> _What the task asks_: Only some lines are wanted. Transcribe, exactly, the lines below from the line with "Suc i] = map" up to and including the line with "q)) (take q".

> _Given information_:
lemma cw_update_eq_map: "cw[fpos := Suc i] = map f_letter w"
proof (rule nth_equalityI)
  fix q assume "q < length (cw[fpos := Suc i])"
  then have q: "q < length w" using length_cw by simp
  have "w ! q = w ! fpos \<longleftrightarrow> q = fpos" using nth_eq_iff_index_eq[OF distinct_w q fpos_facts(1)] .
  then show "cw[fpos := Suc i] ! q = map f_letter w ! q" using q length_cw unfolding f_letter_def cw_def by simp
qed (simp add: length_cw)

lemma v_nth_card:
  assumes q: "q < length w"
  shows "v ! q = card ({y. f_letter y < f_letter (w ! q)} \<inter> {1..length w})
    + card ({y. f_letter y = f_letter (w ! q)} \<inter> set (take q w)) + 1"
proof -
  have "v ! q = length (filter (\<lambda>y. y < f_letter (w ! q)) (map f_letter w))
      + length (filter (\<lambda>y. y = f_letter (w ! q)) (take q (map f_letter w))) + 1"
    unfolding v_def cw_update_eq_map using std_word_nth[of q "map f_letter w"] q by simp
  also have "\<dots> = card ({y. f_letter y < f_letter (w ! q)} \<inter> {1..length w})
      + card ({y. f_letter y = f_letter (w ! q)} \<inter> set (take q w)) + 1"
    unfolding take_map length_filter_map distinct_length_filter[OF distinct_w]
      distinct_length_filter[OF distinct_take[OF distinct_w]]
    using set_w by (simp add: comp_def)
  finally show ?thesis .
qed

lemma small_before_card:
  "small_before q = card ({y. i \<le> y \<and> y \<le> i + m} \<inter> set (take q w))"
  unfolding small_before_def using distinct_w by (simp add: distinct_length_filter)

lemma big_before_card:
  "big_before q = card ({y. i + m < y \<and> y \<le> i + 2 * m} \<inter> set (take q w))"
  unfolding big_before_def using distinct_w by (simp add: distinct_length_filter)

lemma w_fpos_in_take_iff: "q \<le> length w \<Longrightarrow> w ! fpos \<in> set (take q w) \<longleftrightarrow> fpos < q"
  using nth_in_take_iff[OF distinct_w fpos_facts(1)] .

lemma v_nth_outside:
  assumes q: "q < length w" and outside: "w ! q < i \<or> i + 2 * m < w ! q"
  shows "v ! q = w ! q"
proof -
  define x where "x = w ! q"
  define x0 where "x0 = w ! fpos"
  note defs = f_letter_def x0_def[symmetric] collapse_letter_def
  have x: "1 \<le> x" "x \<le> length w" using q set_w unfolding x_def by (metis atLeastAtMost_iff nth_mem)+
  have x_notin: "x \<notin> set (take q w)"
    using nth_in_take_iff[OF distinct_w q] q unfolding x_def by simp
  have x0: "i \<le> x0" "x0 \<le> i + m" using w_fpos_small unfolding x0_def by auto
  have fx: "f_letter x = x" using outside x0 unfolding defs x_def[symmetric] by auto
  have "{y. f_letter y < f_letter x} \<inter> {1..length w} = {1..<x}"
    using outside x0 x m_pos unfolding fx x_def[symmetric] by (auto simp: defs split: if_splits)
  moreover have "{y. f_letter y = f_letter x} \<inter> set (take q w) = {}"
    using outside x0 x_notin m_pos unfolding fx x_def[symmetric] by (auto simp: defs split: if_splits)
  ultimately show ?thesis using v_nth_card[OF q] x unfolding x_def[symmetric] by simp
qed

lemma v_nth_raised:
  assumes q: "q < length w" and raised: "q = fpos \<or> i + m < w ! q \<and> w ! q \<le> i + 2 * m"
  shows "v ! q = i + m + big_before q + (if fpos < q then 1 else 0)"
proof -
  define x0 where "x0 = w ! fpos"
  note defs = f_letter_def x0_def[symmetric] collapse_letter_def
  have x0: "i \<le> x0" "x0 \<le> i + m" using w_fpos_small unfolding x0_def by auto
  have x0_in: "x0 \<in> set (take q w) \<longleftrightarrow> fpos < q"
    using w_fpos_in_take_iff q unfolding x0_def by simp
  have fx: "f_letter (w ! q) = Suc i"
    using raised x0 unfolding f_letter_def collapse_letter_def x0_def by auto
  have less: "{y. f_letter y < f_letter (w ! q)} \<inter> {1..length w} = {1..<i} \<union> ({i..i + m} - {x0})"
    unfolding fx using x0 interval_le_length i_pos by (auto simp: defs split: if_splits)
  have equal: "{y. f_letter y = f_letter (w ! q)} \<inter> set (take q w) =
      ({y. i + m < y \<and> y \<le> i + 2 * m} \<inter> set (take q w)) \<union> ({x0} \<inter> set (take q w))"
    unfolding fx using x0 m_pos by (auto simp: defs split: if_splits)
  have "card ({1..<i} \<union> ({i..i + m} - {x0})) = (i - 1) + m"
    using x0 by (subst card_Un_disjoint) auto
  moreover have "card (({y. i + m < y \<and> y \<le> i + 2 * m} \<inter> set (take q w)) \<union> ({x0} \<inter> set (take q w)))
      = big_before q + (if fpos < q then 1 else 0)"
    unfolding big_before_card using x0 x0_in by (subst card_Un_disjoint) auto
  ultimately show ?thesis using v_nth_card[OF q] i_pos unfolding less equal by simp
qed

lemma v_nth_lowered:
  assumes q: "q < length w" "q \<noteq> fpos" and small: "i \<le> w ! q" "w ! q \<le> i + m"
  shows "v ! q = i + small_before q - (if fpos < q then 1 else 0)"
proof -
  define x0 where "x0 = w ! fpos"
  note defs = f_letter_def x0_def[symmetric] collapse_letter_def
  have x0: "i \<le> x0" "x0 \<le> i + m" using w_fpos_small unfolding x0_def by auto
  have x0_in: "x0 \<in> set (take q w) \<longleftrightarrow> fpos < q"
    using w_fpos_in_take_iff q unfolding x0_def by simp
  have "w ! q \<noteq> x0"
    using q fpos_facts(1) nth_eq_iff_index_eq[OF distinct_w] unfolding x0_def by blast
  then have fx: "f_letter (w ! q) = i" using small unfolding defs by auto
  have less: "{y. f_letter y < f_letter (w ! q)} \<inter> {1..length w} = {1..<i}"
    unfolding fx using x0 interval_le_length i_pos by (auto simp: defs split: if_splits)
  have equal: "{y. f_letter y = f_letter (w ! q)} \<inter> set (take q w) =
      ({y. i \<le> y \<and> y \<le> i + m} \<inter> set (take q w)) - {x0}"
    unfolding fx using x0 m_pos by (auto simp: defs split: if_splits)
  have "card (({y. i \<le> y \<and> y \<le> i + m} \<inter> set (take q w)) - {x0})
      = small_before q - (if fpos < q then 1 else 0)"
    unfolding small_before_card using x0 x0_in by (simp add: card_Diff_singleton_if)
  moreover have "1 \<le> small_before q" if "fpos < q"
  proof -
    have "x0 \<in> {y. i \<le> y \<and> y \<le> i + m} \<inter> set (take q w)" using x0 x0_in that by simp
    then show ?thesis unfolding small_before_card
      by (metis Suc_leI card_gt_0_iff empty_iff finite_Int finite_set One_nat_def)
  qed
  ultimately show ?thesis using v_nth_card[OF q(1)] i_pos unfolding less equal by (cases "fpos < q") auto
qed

...

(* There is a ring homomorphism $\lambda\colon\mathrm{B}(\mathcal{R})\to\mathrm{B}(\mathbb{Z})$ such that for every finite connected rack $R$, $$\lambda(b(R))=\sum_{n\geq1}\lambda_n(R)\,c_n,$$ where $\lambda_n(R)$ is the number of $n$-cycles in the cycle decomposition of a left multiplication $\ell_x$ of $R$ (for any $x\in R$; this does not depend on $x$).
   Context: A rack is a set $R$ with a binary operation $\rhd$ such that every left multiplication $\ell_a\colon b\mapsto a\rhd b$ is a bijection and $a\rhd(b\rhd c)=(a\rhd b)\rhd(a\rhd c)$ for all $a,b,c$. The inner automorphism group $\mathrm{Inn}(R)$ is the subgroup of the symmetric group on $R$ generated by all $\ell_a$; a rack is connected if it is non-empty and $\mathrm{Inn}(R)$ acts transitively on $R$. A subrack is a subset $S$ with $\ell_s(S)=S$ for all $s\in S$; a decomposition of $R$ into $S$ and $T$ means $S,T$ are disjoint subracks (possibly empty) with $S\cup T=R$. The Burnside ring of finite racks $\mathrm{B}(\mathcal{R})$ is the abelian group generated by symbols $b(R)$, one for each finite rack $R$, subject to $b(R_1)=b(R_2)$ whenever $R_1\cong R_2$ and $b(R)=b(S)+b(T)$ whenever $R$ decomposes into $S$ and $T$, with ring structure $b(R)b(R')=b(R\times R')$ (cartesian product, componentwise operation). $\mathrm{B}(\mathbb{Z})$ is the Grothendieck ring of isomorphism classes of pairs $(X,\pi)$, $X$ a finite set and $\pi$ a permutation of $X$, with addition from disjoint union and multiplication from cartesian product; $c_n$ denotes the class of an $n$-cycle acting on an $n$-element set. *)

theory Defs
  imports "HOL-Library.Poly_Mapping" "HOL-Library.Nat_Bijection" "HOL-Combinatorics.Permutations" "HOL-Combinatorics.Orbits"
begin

> _Answer box_:
lemma cw_update_eq_map: "cw[fpos := Suc i] = map f_letter w"
proof (rule nth_equalityI)
  fix q assume "q < length (cw[fpos := Suc i])"
  then have q: "q < length w" using length_cw by simp
  have "w ! q = w ! fpos \<longleftrightarrow> q = fpos" using nth_eq_iff_index_eq[OF distinct_w q fpos_facts(1)] .
  then show "cw[fpos := Suc i] ! q = map f_letter w ! q" using q length_cw unfolding f_letter_def cw_def by simp
qed (simp add: length_cw)

lemma v_nth_card:
  assumes q: "q < length w"
  shows "v ! q = card ({y. f_letter y < f_letter (w ! q)} \<inter> {1..length w})
    + card ({y. f_letter y = f_letter (w ! q)} \<inter> set (take q w)) + 1"
proof -
  have "v ! q = length (filter (\<lambda>y. y < f_letter (w ! q)) (map f_letter w))
      + length (filter (\<lambda>y. y = f_letter (w ! q)) (take q (map f_letter w))) + 1"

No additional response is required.